Posted by Tara on Sunday, December 7th, 2014
You are going to have to try this recipe to believe how moist and tart and tangy and tantalizing the taste is. And this bread is so festive and can be made into 2 regular size loaves or 6 mini loaves – either size suitable for gift giving at Christmas time. Use Bob’s Gluten Free Baking Mix for a Gluten Free bread or just use plain flour if you prefer. I think this recipe was originally in Sunset Magazine but I’ve adapted here just a bit by using fresh instead of dried cranberries and gluten free baking mix.
- 3 sticks soft butter
- 1 1/2 cups sugar
- 4 eggs
- 1 cup orange juice
- 1 cup sour cream
- 2 Tablespoons orange zest
- 2 teaspoons vanilla extract
- 4 cups flour (all purpose or Bob’s Gluten Free Baking Mix)

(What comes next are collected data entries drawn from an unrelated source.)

(* Let $\mathcal{G}$ be a reaction network with species $X_1,\dots,X_n$, $n\ge2$, and let $\tilde{\mathcal{G}}$ be its homeostasis-associated reaction network. Suppose that for every choice of $n$ distinct reactions $\mathbf{y}_1\to\mathbf{y}'_1,\dots,\mathbf{y}_n\to\mathbf{y}'_n$ of $\tilde{\mathcal{G}}$, $$\det(\mathbf{y}_1,\dots,\mathbf{y}_n)\,\det(\mathbf{y}'_1-\mathbf{y}_1,\dots,\mathbf{y}'_n-\mathbf{y}_n)=0.$$ Then for every choice of positive rate constants $\mathbf{k}$ for $\mathcal{G}$, $\det B(\mathbf{x},\mathbf{k})=0$ for all $\mathbf{x}\in\mathbb{R}^n_{>0}$, where $B$ is the Jacobian $D_{\mathbf{x}}\mathbf{f}(\mathbf{x},\mathbf{k})$ of $\mathcal{G}$ with first row and last column deleted. Consequently, the mass-action input–output system of $\mathcal{G}$ (input $X_1$, output $X_n$) exhibits perfect homeostasis at every linearly stable positive equilibrium: if $(\tilde{\mathbf{x}},\tilde\zeta)$ is such an equilibrium and $\zeta\mapsto\mathbf{x}(\zeta)$ is the smooth branch of equilibria with $\mathbf{x}(\tilde\zeta)=\tilde{\mathbf{x}}$ given by the implicit function theorem, then $\frac{d x_n}{d\zeta}(\zeta)=0$ for all $\zeta$ in a neighbourhood of $\tilde\zeta$.
   Context: A reaction network with species $X_1,\dots,X_n$ is a finite set of reactions $\mathbf{y}\to\mathbf{y}'$ with $\mathbf{y}\ne\mathbf{y}'\in\mathbb{Z}^n_{\ge0}$. Given positive rate constants $\mathbf{k}$, the mass-action vector field is $\mathbf{f}(\mathbf{x},\mathbf{k})=\sum_{\mathbf{y}\to\mathbf{y}'}k_{\mathbf{y}\to\mathbf{y}'}\mathbf{x}^{\mathbf{y}}(\mathbf{y}'-\mathbf{y})$ on $\mathbb{R}^n_{>0}$. Homeostasis-associated network $\tilde{\mathcal{G}}$ of $\mathcal{G}$: Step 1: replace each reaction $\mathbf{y}\to\mathbf{y}'$ of $\mathcal{G}$ by $\mathbf{y}\to\hat{\mathbf{y}}'$, where $\hat y'_1=y_1$ and $\hat y'_i=y'_i$ for $i\ge2$; reactions that become trivial are discarded and coinciding reactions are identified. Step 2: add the reaction $X_n\to X_1$. Input–output system: $\dot{\mathbf{x}}=\mathbf{f}(\mathbf{x},\mathbf{k})+\zeta\mathbf{e}_1$ with parameter $\zeta$, input $x_1$, output $x_n$. An equilibrium is linearly stable if all eigenvalues of the Jacobian there have negative real part. Perfect homeostasis means the derivative of the input–output function $\zeta\mapsto x_n(\zeta)$ along the equilibrium branch vanishes on an entire interval. *)

theory Defs
  imports Complex_Main "HOL-Analysis.Derivative" "Jordan_Normal_Form.Char_Poly" "Jordan_Normal_Form.Determinant"
begin
lemma feasible_seq_Suc:
  "feasible_seq (Suc t) s k \<longleftrightarrow> feasible_seq t s (k - dev (Suc t) (s (Suc t))) \<and> dev (Suc t) (s (Suc t)) \<le> k \<and>
     s (Suc t) < ncand \<and> lo (Suc t) \<le> cand (s (Suc t)) \<and> cand (s (Suc t)) \<le> hi (Suc t) \<and>
     (1 \<le> t \<longrightarrow> cand (s t) \<le> cand (s (Suc t)))"
proof -
  let ?d = "dev (Suc t) (s (Suc t))"
  have "{i\<in>{1..Suc t}. cand (s i) \<noteq> Dhat i} =
      {i\<in>{1..t}. cand (s i) \<noteq> Dhat i} \<union> (if ?d = 1 then {Suc t} else {})"
    by (auto simp: le_Suc_eq dev_def)
  then have "card {i\<in>{1..Suc t}. cand (s i) \<noteq> Dhat i} = card {i\<in>{1..t}. cand (s i) \<noteq> Dhat i} + ?d"
    by (auto simp: dev_def)
  then have "card {i\<in>{1..Suc t}. cand (s i) \<noteq> Dhat i} \<le> k \<longleftrightarrow>
      card {i\<in>{1..t}. cand (s i) \<noteq> Dhat i} \<le> k - ?d \<and> ?d \<le> k"
    by (auto simp: dev_def)
  moreover have "(\<forall>i\<in>{1..<Suc t}. cand (s i) \<le> cand (s (Suc i))) \<longleftrightarrow>
      (\<forall>i\<in>{1..<t}. cand (s i) \<le> cand (s (Suc i))) \<and> (1 \<le> t \<longrightarrow> cand (s t) \<le> cand (s (Suc t)))"
    by (auto simp: less_Suc_eq)
  ultimately show ?thesis
    unfolding feasible_seq_def by (auto simp: le_Suc_eq)
qed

- 1 Tablespoon baking powder
- 1/2 teaspoon salt
- 1 1/2 cups fresh cranberries
- 1 cup chopped nuts (optional)
- For the glaze:
- 2 cups powdered sugar
- 7-8 Tablespoons Grand Marnier or Orange Juice
- Preheat oven to 330°. Butter two 6-cup-capacity loaf pans (or, if making the mini loaves, butter six 2-cup-capacity pans). With an electric or standing mixer on medium speed, cream butter and sugar together in a large bowl until pale and fluffy, about 3 minutes. Add eggs one at a time, mixing well after each. Add orange juice, sour cream, orange zest, and vanilla; mix until blended. In a separate bowl, whisk together flour, baking powder, and salt. Add flour mixture and cranberries to wet ingredients and mix just until dry ingredients are absorbed; do not overmix.Pour batter into prepared loaf pans. Bake until a toothpick inserted in centers of breads comes out clean, 70 to 75 minutes for large loaves and 60 minutes for mini loaves. Meanwhile, in a small bowl, whisk together powdered sugar and 7 tbsp. Grand Marnier. Glaze should have consistency of thick maple syrup or corn syrup. If it is too thick, thin with an additional tbsp. of liqueur. Let loaves cool in pans for 10 minutes, then remove and transfer to a cooling rack set over a large baking sheet. With a thin skewer or long toothpick, poke deep holes in tops of loaves. Drizzle with Grand Marnier glaze so that it coats the top, runs down the sides, and seeps through the holes. Let loaves cool completely, then slice. Refrigerate or freeze leftover bread.